=== Exercise brief ===
Only one number is expected here, namely how many lines of the entries below hold the string "where".

=== Extracted records ===
lemma valid_word_Cons [simp]: "valid_word S (x # w) \<longleftrightarrow> fst x \<in> S \<and> valid_word S w"
  by (auto simp: valid_word_def)

lemma valid_word_Nil [simp]: "valid_word S []"
  by (simp add: valid_word_def)

lemma pres_eq_valid_word: "pres_eq S R w w' \<Longrightarrow> valid_word S w \<and> valid_word S w'"
  by (induction rule: pres_eq.induct) auto

lemma pres_eq_append_right: "pres_eq S R w w' \<Longrightarrow> valid_word S v \<Longrightarrow> pres_eq S R (w @ v) (w' @ v)"
proof (induction rule: pres_eq.induct)
  case (cancel u v' g b)
  then show ?case using pres_eq.cancel[of S u "v' @ v" g R b] by simp
next
  case (rel l r u v')
  then show ?case using pres_eq.rel[of l r R S u "v' @ v"] by simp
qed (auto intro: pres_eq.intros)

lemma pres_eq_append_left: "pres_eq S R w w' \<Longrightarrow> valid_word S u \<Longrightarrow> pres_eq S R (u @ w) (u @ w')"
proof (induction rule: pres_eq.induct)
  case (cancel u' v g b)
  then show ?case using pres_eq.cancel[of S "u @ u'" v g R b] by simp
next
  case (rel l r u' v)
  then show ?case using pres_eq.rel[of l r R S "u @ u'" v] by simp
qed (auto intro: pres_eq.intros)

lemma pres_eq_append: "pres_eq S R u u' \<Longrightarrow> pres_eq S R v v' \<Longrightarrow> pres_eq S R (u @ v) (u' @ v')"
  by (meson pres_eq.trans pres_eq_append_left pres_eq_append_right pres_eq_valid_word)

lemma word_class_eq: "pres_eq S R w w' \<Longrightarrow> word_class S R w = word_class S R w'"
  by (auto intro: pres_eq.trans pres_eq.sym)

lemma carrier_presented_group: "carrier (presented_group S R) = {word_class S R w | w. valid_word S w}"
  by (simp add: presented_group_def)

lemma one_presented_group: "\<one>\<^bsub>presented_group S R\<^esub> = word_class S R []"
  by (simp add: presented_group_def)

lemma mult_presented_group:
  assumes "valid_word S u" "valid_word S v"
  shows "word_class S R u \<otimes>\<^bsub>presented_group S R\<^esub> word_class S R v = word_class S R (u @ v)"
  using assms by (auto simp: presented_group_def intro: pres_eq.refl)
    (meson pres_eq.sym pres_eq.trans pres_eq_append)

lemma word_class_in_carrier: "valid_word S w \<Longrightarrow> word_class S R w \<in> carrier (presented_group S R)"
  by (auto simp: carrier_presented_group)

definition inverse_word :: "'g word \<Rightarrow> 'g word" where
  "inverse_word w = rev (map (\<lambda>(g, b). (g, \<not> b)) w)"

lemma valid_inverse_word [simp]: "valid_word S (inverse_word w) \<longleftrightarrow> valid_word S w"
  unfolding valid_word_def inverse_word_def by (force simp: image_iff)

lemma pres_eq_inverse_word_append: "valid_word S w \<Longrightarrow> pres_eq S R (inverse_word w @ w) []"
proof (induction w)
  case Nil
  then show ?case by (simp add: inverse_word_def pres_eq.refl)
next
  case (Cons x w)
  obtain g b where x: "x = (g, b)" by fastforce
  have "pres_eq S R (inverse_word w @ [(g, \<not> b), (g, \<not> \<not> b)] @ w) (inverse_word w @ w)"
    using Cons.prems x by (intro pres_eq.cancel) auto
  then show ?case
    using Cons x by (auto simp: inverse_word_def intro: pres_eq.trans)
qed

lemma group_presented_group: "group (presented_group S R)"
proof (rule groupI)
  show "\<one>\<^bsub>presented_group S R\<^esub> \<in> carrier (presented_group S R)"
    by (simp add: one_presented_group word_class_in_carrier)
next
  fix x y z
  assume "x \<in> carrier (presented_group S R)" "y \<in> carrier (presented_group S R)"
    "z \<in> carrier (presented_group S R)"
  then obtain u v w where uvw: "valid_word S u" "valid_word S v" "valid_word S w"
    and xyz: "x = word_class S R u" "y = word_class S R v" "z = word_class S R w"
    by (auto simp: carrier_presented_group)
  show "x \<otimes>\<^bsub>presented_group S R\<^esub> y \<in> carrier (presented_group S R)"
    using uvw by (simp add: xyz mult_presented_group word_class_in_carrier)
  show "x \<otimes>\<^bsub>presented_group S R\<^esub> y \<otimes>\<^bsub>presented_group S R\<^esub> z =
      x \<otimes>\<^bsub>presented_group S R\<^esub> (y \<otimes>\<^bsub>presented_group S R\<^esub> z)"
    using uvw by (simp add: xyz mult_presented_group)
next
  fix x
  assume "x \<in> carrier (presented_group S R)"
  then obtain w where w: "valid_word S w" "x = word_class S R w"
    by (auto simp: carrier_presented_group)
  then show "\<one>\<^bsub>presented_group S R\<^esub> \<otimes>\<^bsub>presented_group S R\<^esub> x = x"
    by (simp add: one_presented_group mult_presented_group)
  have "word_class S R (inverse_word w) \<otimes>\<^bsub>presented_group S R\<^esub> x = \<one>\<^bsub>presented_group S R\<^esub>"
    using w word_class_eq[OF pres_eq_inverse_word_append[of S w R]]
    by (simp add: one_presented_group mult_presented_group)
  moreover have "word_class S R (inverse_word w) \<in> carrier (presented_group S R)"
    using w by (simp add: word_class_in_carrier)
  ultimately show "\<exists>y\<in>carrier (presented_group S R). y \<otimes>\<^bsub>presented_group S R\<^esub> x = \<one>\<^bsub>presented_group S R\<^esub>"
    by (rule bexI)
qed

lemma word_class_relation:
  "(l, r) \<in> R \<Longrightarrow> valid_word S l \<Longrightarrow> valid_word S r \<Longrightarrow> word_class S R l = word_class S R r"
  using word_class_eq[OF pres_eq.rel[of l r R S "[]" "[]"]] by simp

lemma word_class_Cons:
  "fst x \<in> S \<Longrightarrow> valid_word S w \<Longrightarrow>
   word_class S R (x # w) = word_class S R [x] \<otimes>\<^bsub>presented_group S R\<^esub> word_class S R w"
  using mult_presented_group[of S "[x]" w R] by simp

lemma inv_word_class_letter:
  assumes "g \<in> S"
  shows "inv\<^bsub>presented_group S R\<^esub> word_class S R [(g, False)] = word_class S R [(g, True)]"
proof -
  interpret group "presented_group S R" by (rule group_presented_group)
  have "pres_eq S R [(g, True), (g, False)] []"
    using pres_eq.cancel[of S "[]" "[]" g R True] assms by simp
  then have "word_class S R [(g, True), (g, False)] = word_class S R []"
    by (rule word_class_eq)
  then have "word_class S R [(g, True)] \<otimes>\<^bsub>presented_group S R\<^esub> word_class S R [(g, False)]
      = \<one>\<^bsub>presented_group S R\<^esub>"
    using assms mult_presented_group[of S "[(g, True)]" "[(g, False)]" R]
    by (simp add: one_presented_group)
  then show ?thesis
    using assms by (intro inv_equality) (auto intro: word_class_in_carrier)
qed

=== Result of this exercise ===
4